El otro día estaba participando en una clase de baile y sonó una canción que nunca antes había escuchado. A medida que la letra sonaba desde el parlante, rápidamente me di cuenta de que conocía a los artistas. Sin embargo, el interés recién desarrollado en la canción se ahogó rápidamente por el tropo cansado sobre el que cantaban: el juicio.
Por favor, no me juzguen por la ropa que uso,
Por favor, no me juzguen por las canciones que canto,
Por favor, no me juzguen por la forma en que bailo.
Durante mi tiempo en la universidad hace algunos años, escuché a la gente hablar así. Parecía haber una moda en la que la gente decía a los demás: «No me juzguen». La gente incluso me dijo eso a veces. Con suficiente observación, aprendí que a la gente no le importaba escuchar cumplidos (a quién no), pero lo que no querían escuchar era desaprobación, de ningún tipo.
Ahí es donde está el «no juzgar». llegó la súplica. Ofrezca elogios, pero no desaprobación. El único que podía juzgar era Dios. Eso decían entonces y lo dicen incluso ahora.
El problema con este sentimiento, especialmente para los creyentes, es que Dios no es el único que juzga.
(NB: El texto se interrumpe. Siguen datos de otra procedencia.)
lemma reaction_less_step_near_1:
  fixes L d a b h :: real
  assumes "L > 1" "d > 0" "100*L*d \<le> 1" "\<bar>b - 1\<bar> \<le> d" "0 < h" "h \<le> d" "0 < a" "a \<le> h"
  shows "reaction L b a < reaction L (b + h) 0"
proof -
  have d1: "d \<le> 1/100" by (rule scaled_le_one_imp_le_hundredth[OF assms(1,2,3)])
  have "(1-d)^2 \<le> b^2" using assms d1 by (intro power_mono) auto
  moreover have "(1-d)^2 = 1 - 2*d + d^2" by (simp add: power2_eq_square algebra_simps)
  ultimately have b2: "1 - 2*d \<le> b^2" using zero_le_power2[of d] by linarith
  have "0 \<le> b*h" using assms d1 by simp
  then have "2 - 6*d \<le> 3*b^2 + 3*b*h + h^2 - 1" using b2 zero_le_power2[of h] by linarith
  then have "h*(2 - 6*d) \<le> h*(3*b^2 + 3*b*h + h^2 - 1)" using assms by (intro mult_left_mono) auto
  then have i1: "2*h - 6*(h*d) \<le> h*(3*b^2 + 3*b*h + h^2 - 1)" by (simp add: algebra_simps)
  have "h*d \<le> h*(1/100)" using assms d1 by (intro mult_left_mono) auto
  then have i2: "h*d \<le> h/100" by simp
  have "a^2 \<le> h*d" unfolding power2_eq_square using mult_mono[of a h a d] assms by auto
  moreover have "b \<le> 2" using assms d1 by auto
  ultimately have "a^2*b \<le> (h*d)*2" using assms d1 by (intro mult_mono) auto
  then have "L*(a^2*b) \<le> L*((h*d)*2)" using assms by (intro mult_left_mono) auto
  then have i3: "L*(a^2*b) \<le> 2*h*(L*d)" by (simp add: algebra_simps)
  have "h*(L*d) \<le> h*(1/100)" using assms by (intro mult_left_mono) auto
  then have i4: "h*(L*d) \<le> h/100" by simp
  have "reaction L (b + h) 0 = reaction L b 0 + h*(3*b^2 + 3*b*h + h^2 - 1)"
    unfolding reaction_def by (simp add: power2_eq_square power3_eq_cube algebra_simps)
  moreover have "reaction L b a = reaction L b 0 + L*(a^2*b)"
    unfolding reaction_def by (simp add: algebra_simps)
  ultimately show ?thesis using i1 i2 i3 i4 assms by linarith
qed

lemma reaction_second_less_near_0_1:
  fixes L d a b p q :: real
  assumes "L > 1" "d > 0" "100*L*d \<le> 1" "100*L*d \<le> L - 1"
    "0 < a" "a \<le> d" "\<bar>b - 1\<bar> \<le> d" "0 < p" "b < q" "q < 1" "a - (q - b) \<le> p"
  shows "reaction L b a < reaction L q p"
proof -
  define h where "h = q - b"
  have h: "0 < h" "h \<le> d" using assms by (auto simp: h_def)
  have d1: "d \<le> 1/100" by (rule scaled_le_one_imp_le_hundredth[OF assms(1,2,3)])
  show ?thesis
  proof (cases "a \<le> h")
    case True
    then have "reaction L b a < reaction L q 0"
      using reaction_less_step_near_1[of L d b h a] assms h by (simp add: h_def)
    also have "\<dots> \<le> reaction L q p" using assms d1 by (intro reaction_mono_second) auto
    finally show ?thesis .
  next
    case False
    have "reaction L b a = reaction L ((b + h) - h) ((a - h) + h)" by simp
    also have "\<dots> = reaction L (b + h) (a - h) + h * transfer_slope L (b + h) (a - h) h"
      by (rule reaction_transfer)
    also have "\<dots> < reaction L q (a - h)"
      using transfer_slope_neg_near_1_0[of L d "b + h" "a - h" h] assms h False
      by (simp add: h_def mult_pos_neg)
    also have "\<dots> \<le> reaction L q p" using assms False d1 by (intro reaction_mono_second) (auto simp: h_def)
    finally show ?thesis .
  qed
qed

text \<open>In the comparison argument \<open>(a, b)\<close> and \<open>(p, q)\<close> are the values of the lower and the
  upper pair at a point where the gap \<open>min (p - a) (b - q)\<close> is negative and minimal, in one
  of the two tails.\<close>
lemma reaction_less_at_first_gap:
  fixes L d a b p q :: real
  assumes "L > 1" "d > 0" "100*L*d \<le> 1" "100*L*d \<le> L - 1"
    and "0 < a" "0 < b" "0 < p" "0 < q" "p < a" "p - a \<le> b - q"
    and "(\<bar>a\<bar> \<le> d \<and> \<bar>b - 1\<bar> \<le> d) \<or> (\<bar>a - 1\<bar> \<le> d \<and> \<bar>b\<bar> \<le> d \<and> \<bar>p - 1\<bar> \<le> d)"
  shows "reaction L p q < reaction L a b"
  using assms(11)
proof
  assume "\<bar>a\<bar> \<le> d \<and> \<bar>b - 1\<bar> \<le> d"
  then show ?thesis using assms(1-10) by (intro reaction_less_near_0_1[of L d]) auto
next
  assume "\<bar>a - 1\<bar> \<le> d \<and> \<bar>b\<bar> \<le> d \<and> \<bar>p - 1\<bar> \<le> d"
  then show ?thesis using assms(1-10) by (intro reaction_less_near_1_0[of L d]) auto
qed

lemma reaction_less_at_second_gap:
  fixes L d a b p q :: real
  assumes "L > 1" "d > 0" "100*L*d \<le> 1" "100*L*d \<le> L - 1"
    and "0 < a" "0 < b" "0 < p" "0 < q" "q < 1" "b < q" "b - q < p - a"
    and "(\<bar>a\<bar> \<le> d \<and> \<bar>b - 1\<bar> \<le> d) \<or> (\<bar>p - 1\<bar> \<le> d \<and> \<bar>q\<bar> \<le> d)"
  shows "reaction L b a < reaction L q p"
  using assms(12)
proof
  assume "\<bar>a\<bar> \<le> d \<and> \<bar>b - 1\<bar> \<le> d"
  then show ?thesis using assms(1-11) by (intro reaction_second_less_near_0_1[of L d]) auto
next
  assume "\<bar>p - 1\<bar> \<le> d \<and> \<bar>q\<bar> \<le> d"
  then show ?thesis using assms(1-11) by (intro reaction_less_near_0_1[of L d]) auto
qed

lemma continuous_attains_global_max:
  fixes f :: "real \<Rightarrow> real"
  assumes "continuous_on UNIV f" "(f \<longlongrightarrow> l1) at_bot" "(f \<longlongrightarrow> l2) at_top"
    and "l1 < f z1" "l2 < f z1"
  obtains z0 where "\<And>z. f z \<le> f z0"
proof -
  obtain M1 where M1: "\<And>z. z \<le> M1 \<Longrightarrow> f z < f z1"
    using order_tendstoD(2)[OF assms(2,4)] by (auto simp: eventually_at_bot_linorder)
  obtain M2 where M2: "\<And>z. z \<ge> M2 \<Longrightarrow> f z < f z1"
    using order_tendstoD(2)[OF assms(3,5)] by (auto simp: eventually_at_top_linorder)
  define S where "S = {min M1 z1 .. max M2 z1}"
  have "z1 \<in> S" by (simp add: S_def)
  have "\<exists>x\<in>S. \<forall>y\<in>S. f y \<le> f x"
    using \<open>z1 \<in> S\<close> by (intro continuous_attains_sup)
      (auto simp: S_def intro: continuous_on_subset[OF assms(1)])
  then obtain z0 where z0: "z0 \<in> S" "\<And>y. y \<in> S \<Longrightarrow> f y \<le> f z0" by blast
  have "f z \<le> f z0" for z
  proof (cases "z \<in> S")
    case False
    then have "f z < f z1" using M1 M2 by (force simp: S_def)
    then show ?thesis using z0(2)[OF \<open>z1 \<in> S\<close>] by simp
  qed (use z0 in blast)
  then show thesis by (rule that)
qed

lemma continuous_less_on_interval_uniform:
  fixes f g :: "real \<Rightarrow> real"
  assumes "continuous_on {A..B} f" "continuous_on {A..B} g" "\<And>t. t \<in> {A..B} \<Longrightarrow> f t < g t"
  obtains \<mu> where "\<mu> > 0" "\<And>t. t \<in> {A..B} \<Longrightarrow> f t + \<mu> \<le> g t"
proof (cases "A \<le> B")
  case True
  have "\<exists>p\<in>{A..B}. \<forall>t\<in>{A..B}. g p - f p \<le> g t - f t"
    using True assms(1,2) by (intro continuous_attains_inf continuous_intros) auto
  then obtain p where "p \<in> {A..B}" "\<And>t. t \<in> {A..B} \<Longrightarrow> g p - f p \<le> g t - f t" by blast
  then show thesis using assms(3) by (intro that[of "g p - f p"]) force+
qed (use that[of 1] in auto)

lemma deriv2_nonneg_at_global_min:
  fixes w w' :: "real \<Rightarrow> real"
  assumes w: "\<And>z. (w has_real_derivative w' z) (at z)"
    and w': "(w' has_real_derivative D) (at z0)"
    and min: "\<And>z. w z0 \<le> w z"
  shows "D \<ge> 0"
proof (rule ccontr)
  assume "\<not> D \<ge> 0"
  then obtain d where d: "d > 0" "\<And>h. h > 0 \<Longrightarrow> h < d \<Longrightarrow> w' z0 > w' (z0 + h)"
    using DERIV_neg_dec_right[OF w'] by force
  have "w' z0 = 0" using DERIV_local_min[OF w[of z0], of 1] min by auto
  obtain \<xi> where \<xi>: "z0 < \<xi>" "\<xi> < z0 + d/2" "w (z0 + d/2) - w z0 = (z0 + d/2 - z0) * w' \<xi>"
    using MVT2[of z0 "z0 + d/2" w w'] w d by force
  have "w' \<xi> < 0" using d(2)[of "\<xi> - z0"] \<xi> \<open>w' z0 = 0\<close> by simp
  then have "(z0 + d/2 - z0) * w' \<xi> < 0" using d by (simp add: mult_pos_neg)
  then have "w (z0 + d/2) < w z0" using \<xi>(3) by linarith
  then show False using min[of "z0 + d/2"] by simp
qed

lemma deriv2_nonpos_at_global_max:
  fixes w w' :: "real \<Rightarrow> real"
  assumes "\<And>z. (w has_real_derivative w' z) (at z)" "(w' has_real_derivative D) (at z0)"
    and "\<And>z. w z \<le> w z0"
  shows "D \<le> 0"
  using deriv2_nonneg_at_global_min[of "\<lambda>z. - w z" "\<lambda>z. - w' z" "- D" z0] assms
  by (auto intro: derivative_intros)

lemma gronwall_vanishing_forward:
  fixes e e' :: "real \<Rightarrow> real"
  assumes e: "\<And>z. (e has_real_derivative e' z) (at z)"
    and bound: "\<And>z. \<bar>e' z\<bar> \<le> C * e z" and nonneg: "\<And>z. e z \<ge> 0"
    and "e z0 = 0" "z0 \<le> z"
  shows "e z = 0"
proof -
  have "((\<lambda>t. e t * exp (- C * t)) has_real_derivative (e' x - C * e x) * exp (- C * x)) (at x)" for x
    by (auto intro!: derivative_eq_intros e simp: algebra_simps)
  moreover have "(e' x - C * e x) * exp (- C * x) \<le> 0" for x
    using bound[of x] by (intro mult_nonpos_nonneg) (auto simp: abs_le_iff)
  ultimately have "e z * exp (- C * z) \<le> e z0 * exp (- C * z0)"
    by (intro DERIV_nonpos_imp_nonincreasing[OF \<open>z0 \<le> z\<close>]) blast
  then have "e z \<le> 0" using \<open>e z0 = 0\<close> by (simp add: mult_le_0_iff)
  then show ?thesis using nonneg[of z] by simp
qed

lemma gronwall_vanishing:
  fixes e e' :: "real \<Rightarrow> real"
  assumes e: "\<And>z. (e has_real_derivative e' z) (at z)"
    and bound: "\<And>z. \<bar>e' z\<bar> \<le> C * e z" and nonneg: "\<And>z. e z \<ge> 0" and "e z0 = 0"
  shows "e z = 0"
proof (cases "z0 \<le> z")
  case True
  then show ?thesis using gronwall_vanishing_forward[OF e bound nonneg \<open>e z0 = 0\<close>] by blast
next
  case False
  have "((\<lambda>t. e (- t)) has_real_derivative - e' (- t)) (at t)" for t
    using e[of "- t"] by (simp add: DERIV_mirror)
  moreover have "\<bar>- e' (- t)\<bar> \<le> C * e (- t)" "e (- t) \<ge> 0" for t
    using bound nonneg by simp_all
  moreover have "e (- (- z0)) = 0" "- z0 \<le> - z" using \<open>e z0 = 0\<close> False by simp_all
  ultimately have "e (- (- z)) = 0" by (rule gronwall_vanishing_forward)
  then show ?thesis by simp
qed

definition has_system_derivatives ::
    "real \<Rightarrow> (real \<Rightarrow> real) \<Rightarrow> (real \<Rightarrow> real) \<Rightarrow> (real \<Rightarrow> real) \<Rightarrow> (real \<Rightarrow> real) \<Rightarrow> bool" where
  "has_system_derivatives L v1 v2 d1 d2 \<longleftrightarrow>
     (\<forall>z. (v1 has_real_derivative d1 z) (at z) \<and>
          (d1 has_real_derivative reaction L (v1 z) (v2 z)) (at z) \<and>
          (v2 has_real_derivative d2 z) (at z) \<and>
          (d2 has_real_derivative reaction L (v2 z) (v1 z)) (at z))"

lemma is_system_solution_iff:
  "is_system_solution L v1 v2 \<longleftrightarrow> (\<exists>d1 d2. has_system_derivatives L v1 v2 d1 d2)"
proof
  assume "is_system_solution L v1 v2"
  then obtain d1 dd1 d2 dd2 where H:
    "\<forall>z. (v1 has_real_derivative d1 z) (at z) \<and> (d1 has_real_derivative dd1 z) (at z) \<and>
         (v2 has_real_derivative d2 z) (at z) \<and> (d2 has_real_derivative dd2 z) (at z) \<and>
         - dd1 z + (v1 z)^3 - v1 z + L * (v2 z)^2 * v1 z = 0 \<and>
         - dd2 z + (v2 z)^3 - v2 z + L * (v1 z)^2 * v2 z = 0"
    unfolding is_system_solution_def by blast
  have "dd1 z = reaction L (v1 z) (v2 z)" "dd2 z = reaction L (v2 z) (v1 z)" for z
    using H[rule_format, of z] unfolding reaction_def by linarith+
  then show "\<exists>d1 d2. has_system_derivatives L v1 v2 d1 d2"
    using H unfolding has_system_derivatives_def by metis
next
  assume "\<exists>d1 d2. has_system_derivatives L v1 v2 d1 d2"
  then obtain d1 d2 where "has_system_derivatives L v1 v2 d1 d2" by blast
  then show "is_system_solution L v1 v2"
    unfolding is_system_solution_def has_system_derivatives_def
    by (intro exI[of _ d1] exI[of _ "\<lambda>z. reaction L (v1 z) (v2 z)"] exI[of _ d2]
        exI[of _ "\<lambda>z. reaction L (v2 z) (v1 z)"]) (simp add: reaction_def)
qed

lemma has_system_derivatives_swap:
  "has_system_derivatives L v1 v2 d1 d2 \<Longrightarrow> has_system_derivatives L v2 v1 d2 d1"
  unfolding has_system_derivatives_def by blast

lemma has_system_derivatives_shift:
  "has_system_derivatives L v1 v2 d1 d2 \<Longrightarrow>
   has_system_derivatives L (\<lambda>z. v1 (z + c)) (\<lambda>z. v2 (z + c)) (\<lambda>z. d1 (z + c)) (\<lambda>z. d2 (z + c))"
  unfolding has_system_derivatives_def by (simp add: DERIV_shift[symmetric])

lemma has_system_derivatives_continuous_on:
  assumes "has_system_derivatives L v1 v2 d1 d2"
  shows "continuous_on UNIV v1" "continuous_on UNIV v2"
  using assms unfolding has_system_derivatives_def
  by (meson DERIV_isCont continuous_at_imp_continuous_on)+

definition positive_heteroclinic :: "real \<Rightarrow> (real \<Rightarrow> real) \<Rightarrow> (real \<Rightarrow> real) \<Rightarrow> bool" where
  "positive_heteroclinic L v1 v2 \<longleftrightarrow> is_system_solution L v1 v2 \<and>
     (v1 \<longlongrightarrow> 0) at_bot \<and> (v2 \<longlongrightarrow> 1) at_bot \<and>
     (v1 \<longlongrightarrow> 1) at_top \<and> (v2 \<longlongrightarrow> 0) at_top \<and>
     (\<forall>z. v1 z > 0 \<and> v2 z > 0)"

lemma admissible_imp_positive_heteroclinic:
  "admissible L v1 v2 \<Longrightarrow> positive_heteroclinic L v1 v2"
  unfolding admissible_def positive_heteroclinic_def by blast

lemma positive_heteroclinic_derivatives:
  assumes "positive_heteroclinic L v1 v2"
  obtains d1 d2 where "has_system_derivatives L v1 v2 d1 d2"
  using assms unfolding positive_heteroclinic_def is_system_solution_iff by blast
“Temer al Señor es odiar el mal. Odio la soberbia, la mala conducta y las palabras perversas.” (Proverbios 8:13)
El odio es una emoción extrema, pero sin embargo, la Biblia misma proporciona ejemplos de odio demonio. El odio en sí mismo es una forma de desaprobación. El proverbio antes mencionado proviene del ex rey Salomón, un hombre conocido por su sabiduría (1 Reyes 3:10-14). Si alguien sabe la importancia de hacer el bien en lugar del mal, apuesto a que el rey Salomón sabe algo.
El apóstol Pablo incluso parecía abogar por expulsar a los inmorales sexuales de la iglesia (1 Corintios 5:1). -5).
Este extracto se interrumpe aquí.